WHAT YOU ARE ASKED TO DO
Whenever a line of the material contains the string "else", it should be copied.

SOURCE MATERIAL

definition clf :: "'x dataset \<Rightarrow> ('x \<Rightarrow> nat \<Rightarrow> real) \<Rightarrow> real \<times> real \<Rightarrow> 'x \<Rightarrow> nat \<Rightarrow> real" where
  "clf D R \<tau> x a = nthr D R a (if a = 1 then fst \<tau> else snd \<tau>) (R x a)"

definition loss :: "'x dataset \<Rightarrow> ('x \<Rightarrow> nat \<Rightarrow> real) \<Rightarrow> real \<times> real \<Rightarrow> real" where
  "loss D R \<tau> =
     (\<Sum>i<length D. (let f = clf D R \<tau> (dx D i) (da D i) in
        if dy D i = 1 then 1 - f else f)) / real (length D)"

datatype bias_kind = DemParity | EqOpportunity

definition bias :: "bias_kind \<Rightarrow> 'x dataset \<Rightarrow> ('x \<Rightarrow> nat \<Rightarrow> real) \<Rightarrow> real \<times> real \<Rightarrow> real" where
  "bias k D R \<tau> =
     (let sel = (\<lambda>i. k = DemParity \<or> dy D i = 1);
          f = (\<lambda>i. clf D R \<tau> (dx D i) (da D i));
          rate = (\<lambda>a. (\<Sum>i | i < length D \<and> da D i = a \<and> sel i. f i)
                        / real (card {i. i < length D \<and> da D i = a \<and> sel i}))
      in rate 1 - rate 2)"

definition pp_feasible :: "bias_kind \<Rightarrow> 'x dataset \<Rightarrow> ('x \<Rightarrow> nat \<Rightarrow> real) \<Rightarrow> real \<Rightarrow> real \<times> real \<Rightarrow> bool" where
  "pp_feasible k D R \<beta> \<tau> \<longleftrightarrow> fst \<tau> \<in> {0..1} \<and> snd \<tau> \<in> {0..1} \<and> \<bar>bias k D R \<tau>\<bar> \<le> \<beta>"

definition pp_minloss :: "bias_kind \<Rightarrow> 'x dataset \<Rightarrow> ('x \<Rightarrow> nat \<Rightarrow> real) \<Rightarrow> real \<Rightarrow> real \<times> real \<Rightarrow> bool" where
  "pp_minloss k D R \<beta> \<tau> \<longleftrightarrow> pp_feasible k D R \<beta> \<tau> \<and>
     (\<forall>\<sigma>. pp_feasible k D R \<beta> \<sigma> \<longrightarrow> loss D R \<tau> \<le> loss D R \<sigma>)"

definition pp_minbias :: "bias_kind \<Rightarrow> 'x dataset \<Rightarrow> ('x \<Rightarrow> nat \<Rightarrow> real) \<Rightarrow> real \<Rightarrow> real \<times> real \<Rightarrow> bool" where
  "pp_minbias k D R \<beta> \<tau> \<longleftrightarrow> pp_minloss k D R \<beta> \<tau> \<and>
     (\<forall>\<sigma>. pp_minloss k D R \<beta> \<sigma> \<longrightarrow> \<bar>bias k D R \<tau>\<bar> \<le> \<bar>bias k D R \<sigma>\<bar>)"

definition pp_min1 :: "bias_kind \<Rightarrow> 'x dataset \<Rightarrow> ('x \<Rightarrow> nat \<Rightarrow> real) \<Rightarrow> real \<Rightarrow> real \<times> real \<Rightarrow> bool" where
  "pp_min1 k D R \<beta> \<tau> \<longleftrightarrow> pp_minbias k D R \<beta> \<tau> \<and>
     (\<forall>\<sigma>. pp_minbias k D R \<beta> \<sigma> \<longrightarrow> fst \<tau> \<le> fst \<sigma>)"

ANSWER SPACE
  "clf D R \<tau> x a = nthr D R a (if a = 1 then fst \<tau> else snd \<tau>) (R x a)"
        if dy D i = 1 then 1 - f else f)) / real (length D)"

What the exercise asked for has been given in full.